#### EXERCISE:
The answer must be one number: how many lines below contain the word "evalue".

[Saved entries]
lemma nn_integral_sum_le_card:
  assumes "\<And>i. i \<in> I \<Longrightarrow> f i \<in> borel_measurable M"
    and "\<And>i. i \<in> I \<Longrightarrow> (\<integral>\<^sup>+x. f i x \<partial>M) \<le> 1"
  shows "(\<integral>\<^sup>+x. (\<Sum>i\<in>I. f i x) \<partial>M) \<le> of_nat (card I)"
proof -
  have "(\<integral>\<^sup>+x. (\<Sum>i\<in>I. f i x) \<partial>M) = (\<Sum>i\<in>I. \<integral>\<^sup>+x. f i x \<partial>M)"
    using assms(1) by (rule nn_integral_sum)
  also have "\<dots> \<le> (\<Sum>i\<in>I. 1)" using assms(2) by (rule sum_mono)
  finally show ?thesis by simp
qed

theorem proposition5:
  fixes K :: nat
    and Theta :: "nat \<Rightarrow> 'a set"
    and P :: "(nat \<Rightarrow> 'a) \<Rightarrow> 'w measure"
    and E :: "nat \<Rightarrow> 'a \<Rightarrow> 'w \<Rightarrow> real"
    and Ssel :: "'w \<Rightarrow> nat set"
    and \<theta> :: "nat \<Rightarrow> 'a"
    and w \<delta> :: real
  assumes prob: "\<forall>th\<in>Pi\<^sub>E {1..K} Theta. prob_space (P th)"
    and unif: "\<exists>U::'w \<Rightarrow> real. \<forall>th\<in>Pi\<^sub>E {1..K} Theta.
                 U \<in> borel_measurable (P th) \<and>
                 distr (P th) lborel U = uniform_measure lborel {0..1}"
    and evalue: "\<forall>i\<in>{1..K}. \<forall>t\<in>Theta i. \<forall>th\<in>Pi\<^sub>E {1..K} Theta.
                   E i t \<in> borel_measurable (P th) \<and>
                   (\<forall>\<omega>\<in>space (P th). E i t \<omega> \<ge> 0) \<and>
                   (th i = t \<longrightarrow> (\<integral>\<^sup>+\<omega>. ennreal (E i t \<omega>) \<partial>P th) \<le> 1)"
    and sel: "\<forall>th\<in>Pi\<^sub>E {1..K} Theta. Ssel \<in> measurable (P th) (count_space (Pow {1..K}))"
    and truth: "\<theta> \<in> Pi\<^sub>E {1..K} Theta"
    and w: "w > 1"
    and \<delta>: "0 < \<delta>" "\<delta> < 1"
  shows "(\<integral>\<^sup>+\<omega>. ennreal
            ((\<Sum>i\<in>Ssel \<omega>. if \<theta> i \<notin> Phi K Theta w \<delta> (Ssel \<omega>) (CE Theta E \<omega>) i then 1 else 0)
             / max (real (card (Ssel \<omega>))) 1) \<partial>P \<theta>) \<le> ennreal \<delta>"
proof -
  have "\<theta> i \<in> Theta i" if "i \<in> {1..K}" for i using truth that by auto
  with evalue truth have E: "E i (\<theta> i) \<in> borel_measurable (P \<theta>)"
      "\<forall>\<omega>\<in>space (P \<theta>). \<theta> i \<in> Theta i \<and> 0 \<le> E i (\<theta> i) \<omega>"
      "(\<integral>\<^sup>+\<omega>. ennreal (E i (\<theta> i) \<omega>) \<partial>P \<theta>) \<le> 1" if "i \<in> {1..K}" for i
    using that by blast+
  have "(\<integral>\<^sup>+\<omega>. ennreal
            ((\<Sum>i\<in>Ssel \<omega>. if \<theta> i \<notin> Phi K Theta w \<delta> (Ssel \<omega>) (CE Theta E \<omega>) i then 1 else 0)
             / max (real (card (Ssel \<omega>))) 1) \<partial>P \<theta>)
      \<le> (\<integral>\<^sup>+\<omega>. ennreal (\<delta> / real K) * (\<Sum>i\<in>{1..K}. ennreal (E i (\<theta> i) \<omega>)) \<partial>P \<theta>)"
  proof (rule nn_integral_mono)
    fix \<omega> assume \<omega>: "\<omega> \<in> space (P \<theta>)"
    then have "Ssel \<omega> \<subseteq> {1..K}" using measurable_space[OF sel[rule_format, OF truth]] by auto
    have E_nonneg: "\<forall>i\<in>{1..K}. \<theta> i \<in> Theta i \<and> 0 \<le> E i (\<theta> i) \<omega>" using E(2) \<omega> by blast
    with w \<delta> \<open>Ssel \<omega> \<subseteq> {1..K}\<close> have "(\<Sum>i\<in>Ssel \<omega>. if \<theta> i \<notin> Phi K Theta w \<delta> (Ssel \<omega>) (CE Theta E \<omega>) i then 1 else 0)
             / max (real (card (Ssel \<omega>))) 1 \<le> \<delta> / real K * (\<Sum>i\<in>{1..K}. E i (\<theta> i) \<omega>)"
      by (intro false_coverage_proportion_le) auto
    moreover have "ennreal (\<delta> / real K) * (\<Sum>i\<in>{1..K}. ennreal (E i (\<theta> i) \<omega>))
        = ennreal (\<delta> / real K * (\<Sum>i\<in>{1..K}. E i (\<theta> i) \<omega>))"
    proof -
      have "(\<Sum>i\<in>{1..K}. ennreal (E i (\<theta> i) \<omega>)) = ennreal (\<Sum>i\<in>{1..K}. E i (\<theta> i) \<omega>)"
        using E_nonneg by (intro sum_ennreal) auto
      moreover have "0 \<le> (\<Sum>i\<in>{1..K}. E i (\<theta> i) \<omega>)" using E_nonneg by (intro sum_nonneg) auto
      ultimately show ?thesis by (metis ennreal_mult'')
    qed
    ultimately show "ennreal ((\<Sum>i\<in>Ssel \<omega>. if \<theta> i \<notin> Phi K Theta w \<delta> (Ssel \<omega>) (CE Theta E \<omega>) i then 1 else 0)
             / max (real (card (Ssel \<omega>))) 1) \<le> ennreal (\<delta> / real K) * (\<Sum>i\<in>{1..K}. ennreal (E i (\<theta> i) \<omega>))"
      by (simp add: ennreal_leI)
  qed
  also have "\<dots> = ennreal (\<delta> / real K) * (\<integral>\<^sup>+\<omega>. (\<Sum>i\<in>{1..K}. ennreal (E i (\<theta> i) \<omega>)) \<partial>P \<theta>)"
    using E(1) by (intro nn_integral_cmult borel_measurable_sum measurable_compose[OF _ measurable_ennreal]) auto
  also have "\<dots> \<le> ennreal (\<delta> / real K) * of_nat (card {1..K})"
    using E(1,3) by (intro mult_left_mono nn_integral_sum_le_card measurable_compose[OF _ measurable_ennreal]) auto
  also have "\<dots> \<le> ennreal \<delta>"
    using \<delta> by (cases "K = 0") (auto simp: ennreal_of_nat_eq_real_of_nat ennreal_mult[symmetric])
  finally show ?thesis .
qed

#### RESPONSE BELOW:
2